Глеб слушал Лёлю, вспоминал, думал и вдруг осознал, что вполне мог прийти сегодня вечером домой и увидеть мертвую Леру! Если бы не Лёля с ее предчувствием! Лёля жила у мужа, но работала вместе с Лерой. В обед она зашла к сестре в отдел, там сказали, что Лера приболела и сегодня не придет. Лёля стала звонить, но безрезультатно – потом выяснилось, что Лера отключила телефон. Лёля внезапно страшно испугалась, сама не зная чего, отпросилась с работы и помчалась к сестре. Открыла дверь своим ключом и застала Леру, когда та допивала последнюю порцию таблеток. Ей удалось вызвать у Леры рвоту, потом Лёля позвонила знакомому врачу, тот приехал, принял необходимые меры…

– Почему ты не вызвала «Скорую»?!

– Ты что, не понимаешь? Лерку отправили бы в психушку, как всякого суицидника! Оно нам надо?! Врач сказал, что доза была убойная. Так что я очень вовремя приехала.

Вот тут Глеб и завалился в обморок. В буквальном смысле – грохнулся на пол, съехав со стула. Так что Лёле пришлось выплеснуть ему в лицо стакан воды. Очухавшись, он заполз обратно на стул, послушно выпил какое-то лекарство, подсунутое Лёлей, и долго сидел, обхватив голову руками. Внутри у него все дрожало.

– Ну ладно, не переживай ты так! – сказала Лёля, с жалостью глядя на мрачного Глеба. – Все ж обошлось! Просто будь с ней поласковей.

– Да, – кивнул Глеб. – Да, конечно. Я пойду к ней?

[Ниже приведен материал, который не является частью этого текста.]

(* Let $p,q$ be coprime positive integers. Then $E(p,q)=d_c(e^{2\pi i/3},p/q)$.
   Context: Hyperbolic plane is modelled on the upper half-plane $\{\operatorname{Im}z>0\}$ with absolute $\mathbb R\cup\{\infty\}$. The Farey tesselation consists of the hyperbolic geodesics joining $m/n$ and $p'/q'$ (integers, $\infty=1/0$) with $|mq'-np'|=1$; it tesselates the plane into ideal triangles. For a point $z$ not on any Farey line and a rational (or $\infty$) absolute point $r$, $d_c(z,r)$ is the number of Farey lines that intersect the geodesic ray from $z$ to $r$. For coprime positive integers $p,q$, the Euclid complexity $E(p,q)$ is the number of subtractions in the subtractive Euclid algorithm converting the pair $(p,q)$ into $(0,1)$, i.e. the sum of the partial quotients of the continued fraction of $p/q$. *)

theory Defs
  imports Complex_Main
begin

text \<open>Upper half-plane model. Absolute points are rationals m/n with n = 0 meaning infinity.\<close>

definition farey_line :: "int \<Rightarrow> int \<Rightarrow> int \<Rightarrow> int \<Rightarrow> complex set" where
  "farey_line m n p q =
     (if n = 0 then {z. 0 < Im z \<and> Re z = real_of_int p / real_of_int q}
      else if q = 0 then {z. 0 < Im z \<and> Re z = real_of_int m / real_of_int n}
      else {z. 0 < Im z \<and>
               cmod (z - complex_of_real ((real_of_int m / real_of_int n + real_of_int p / real_of_int q) / 2))
                 = \<bar>real_of_int m / real_of_int n - real_of_int p / real_of_int q\<bar> / 2})"

definition farey_lines :: "complex set set" where
  "farey_lines = {farey_line m n p q | m n p q. \<bar>m * q - n * p\<bar> = 1}"

definition geo_ray :: "complex \<Rightarrow> real \<Rightarrow> complex set" where
  "geo_ray z r =
     (if Re z = r then {w. Re w = r \<and> 0 < Im w \<and> Im w \<le> Im z}
      else (let c = ((cmod z)\<^sup>2 - r\<^sup>2) / (2 * (Re z - r)) in
            {w. 0 < Im w \<and> cmod (w - complex_of_real c) = \<bar>r - c\<bar> \<and>
                min (Re z) r \<le> Re w \<and> Re w \<le> max (Re z) r}))"

definition d_c :: "complex \<Rightarrow> real \<Rightarrow> nat" where
  "d_c z r = card {L \<in> farey_lines. L \<inter> geo_ray z r \<noteq> {}}"

function euclid_sub :: "nat \<Rightarrow> nat \<Rightarrow> nat" where
  "euclid_sub p q =
     (if p = 0 \<or> q = 0 then 0
      else if q \<le> p then Suc (euclid_sub (p - q) q)
      else Suc (euclid_sub p (q - p)))"
  by pat_completeness auto
termination by (relation "measure (\<lambda>(p, q). p + q)") auto

end

theory Submission
  imports Defs
begin

(* Let \<omega> = exp (2 \<pi> i / 3) and r = p / q. The geodesic ray from \<omega> to r lies on a circle, and
   along it the power of a point with respect to a Farey semicircle with endpoints a < b is an
   affine function of the real part: positive at \<omega> (because b - a \<le> 1) and equal to
   (r - a) (r - b) at r. Hence the Farey lines met by the ray are the vertical lines Re z = k with
   0 \<le> k < r and the semicircles whose endpoints bracket r. Written as reduced fractions
   u1/u2 < v1/v2 with u1 v2 - u2 v1 = -1, the brackets of p/q other than (0, \<infinity>) are the
   images of the brackets of (p - q)/q under x \<mapsto> x + 1 if q \<le> p, and of those of p/(q - p)
   under x \<mapsto> x/(x + 1) if p \<le> q: one step of the subtractive Euclidean algorithm. *)

definition vertical_line :: "real \<Rightarrow> complex set" where
  "vertical_line k = {w. 0 < Im w \<and> Re w = k}"

definition circle_power :: "real \<Rightarrow> real \<Rightarrow> complex \<Rightarrow> real" where
  "circle_power a b w = (Re w - a) * (Re w - b) + (Im w)\<^sup>2"

definition semicircle :: "real \<Rightarrow> real \<Rightarrow> complex set" where
  "semicircle a b = {w. 0 < Im w \<and> circle_power a b w = 0}"

lemma Re_vertical_line: "Re ` vertical_line k = {k}"
proof -
  have "Complex k 1 \<in> vertical_line k" by (simp add: vertical_line_def)
  then have "k \<in> Re ` vertical_line k" by (rule image_eqI[rotated]) simp
  then show ?thesis by (auto simp: vertical_line_def)
qed

lemma Re_semicircle:
  assumes "a < b"
  shows "Re ` semicircle a b = {a<..<b}"
proof
  show "Re ` semicircle a b \<subseteq> {a<..<b}"
  proof
    fix x assume "x \<in> Re ` semicircle a b"
    then obtain w where w: "0 < Im w" "(Re w - a) * (Re w - b) = - (Im w)\<^sup>2" "x = Re w"
      by (auto simp: semicircle_def circle_power_def algebra_simps)
    then have "(x - a) * (x - b) < 0" by simp
    then show "x \<in> {a<..<b}" using assms by (auto simp: mult_less_0_iff)
  qed
  show "{a<..<b} \<subseteq> Re ` semicircle a b"
  proof
    fix x assume x: "x \<in> {a<..<b}"
    then have pos: "0 < (x - a) * (b - x)" by simp
    define w where "w = Complex x (sqrt ((x - a) * (b - x)))"
    have "w \<in> semicircle a b"
      using pos by (simp add: w_def semicircle_def circle_power_def algebra_simps)
    then show "x \<in> Re ` semicircle a b" by (rule image_eqI[rotated]) (simp add: w_def)
  qed
qed

definition geo_centre :: "complex \<Rightarrow> real \<Rightarrow> real" where
  "geo_centre z r = ((cmod z)\<^sup>2 - r\<^sup>2) / (2 * (Re z - r))"

lemma geo_ray_eq:
  assumes "Re z < r"
  shows "geo_ray z r = {w. 0 < Im w \<and> (Re w - geo_centre z r)\<^sup>2 + (Im w)\<^sup>2 = (r - geo_centre z r)\<^sup>2
                          \<and> Re z \<le> Re w \<and> Re w \<le> r}"
proof -
  have "cmod (w - of_real c) = \<bar>r - c\<bar> \<longleftrightarrow> (cmod (w - of_real c))\<^sup>2 = (r - c)\<^sup>2" for w c
    by (metis abs_ge_zero norm_ge_zero power2_abs power2_eq_iff_nonneg)
  then have "cmod (w - of_real c) = \<bar>r - c\<bar> \<longleftrightarrow> (Re w - c)\<^sup>2 + (Im w)\<^sup>2 = (r - c)\<^sup>2" for w c
    by (simp add: cmod_power2)
  then show ?thesis
    using assms by (auto simp: geo_ray_def geo_centre_def Let_def)
qed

– Иди. Я, пожалуй, тут переночую. А то кто вас знает! Сейчас Толе позвоню…

Но Глеб уже не слышал – он встал и поплелся к Лере: ноги совершенно не хотели его слушаться. Лера лежала на животе, одна рука бессильно свисала с кровати, одеяло сбилось, обнажая правую ногу и часть бедра в трогательных розовых трусиках. Глеб смотрел и видел совсем не ту Леру, против которой он так долго настраивался, а жалкую девочку, одинокую, потерянную, лишенную любви. А ведь он обещал заботиться о ней! Глеб прикрыл на секунду глаза, потому что даже сердце заболело от мучительного сострадания. Лег рядом с женой – она не проснулась. Он слушал ее неровное дыхание, изнемогал от нежности и чувства вины, а потом, очевидно, задремал, потому что испуганно вскинулся, когда Лера завозилась рядом, всхлипывая и лепеча: «Глеб, Глеб…» Она плакала во сне, и когда Глеб обнял ее, вцепилась в него что есть силы.

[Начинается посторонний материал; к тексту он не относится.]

(* Let $F$ be a $C^1$-closed smooth curve in the Euclidean plane parametrized by arc length $t\in[0,T]$ with signed curvature $k(t)$, and let $G\subset H^2$ be its development, i.e. a curve in the hyperbolic plane parametrized by arc length $t\in[0,T]$ whose signed geodesic curvature is $k(t)$. Then $G$ is $C^1$-closed if and only if the bicycle monodromy $M_F$ for the bicycle of length $\ell=1$ is the identity.
   Context: A differentiable curve is $C^1$-closed if its endpoints coincide and its oriented tangent lines at the endpoints coincide. The development $G$ is unique up to orientation-preserving isometry of $H^2$ (the hyperbolic plane of curvature $-1$). Bicycle model: a segment $RF$ of fixed length $\ell$ moves in the plane with the velocity of the rear end $R$ always parallel to $RF$; the bicycle monodromy $M_F$ is the self-map of the circle of radius $\ell$ sending the initial position of $R$ relative to the front end (moving along $F$) to its terminal position. *)

theory Defs
  imports "HOL-Analysis.Analysis"
begin

definition smooth_curve :: "real \<Rightarrow> (real \<Rightarrow> 'a::real_normed_vector) \<Rightarrow> bool" where
  "smooth_curve T c \<longleftrightarrow> (\<exists>D. D 0 = c \<and>
     (\<forall>n. \<forall>t\<in>{0..T}. (D n has_vector_derivative D (Suc n) t) (at t within {0..T})))"

definition deriv1 :: "real \<Rightarrow> (real \<Rightarrow> 'a::real_normed_vector) \<Rightarrow> real \<Rightarrow> 'a" where
  "deriv1 T c t = vector_derivative c (at t within {0..T})"

definition deriv2 :: "real \<Rightarrow> (real \<Rightarrow> 'a::real_normed_vector) \<Rightarrow> real \<Rightarrow> 'a" where
  "deriv2 T c t = vector_derivative (deriv1 T c) (at t within {0..T})"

– Тихо, тихо, – забормотал Глеб. – Все хорошо! Бедняжка моя… Проснись, дорогая! Это только сон!

Лера очнулась с рыданием, поняла, что рядом муж, и затряслась:

– Глеб! Ты пришел!

А потом они одновременно произнесли: «Прости меня!» – и невольно улыбнулись сквозь слезы. Глеб обнимал жену, целовал ее лицо, дрожащие губы и понимал, что он безумно соскучился. Оказывается, все это время ему страшно не хватало ее ночного присутствия: тепла ее тела, нежного запаха волос и кожи, объятий, прикосновений… Глеб чувствовал неимоверно острое вожделение, замешанное на болезненной жалости и нестерпимой ярости, направленной прежде всего на себя самого – за то, что допустил все это, но и на Леру – за то, что заставила его пережить такое сильное потрясение.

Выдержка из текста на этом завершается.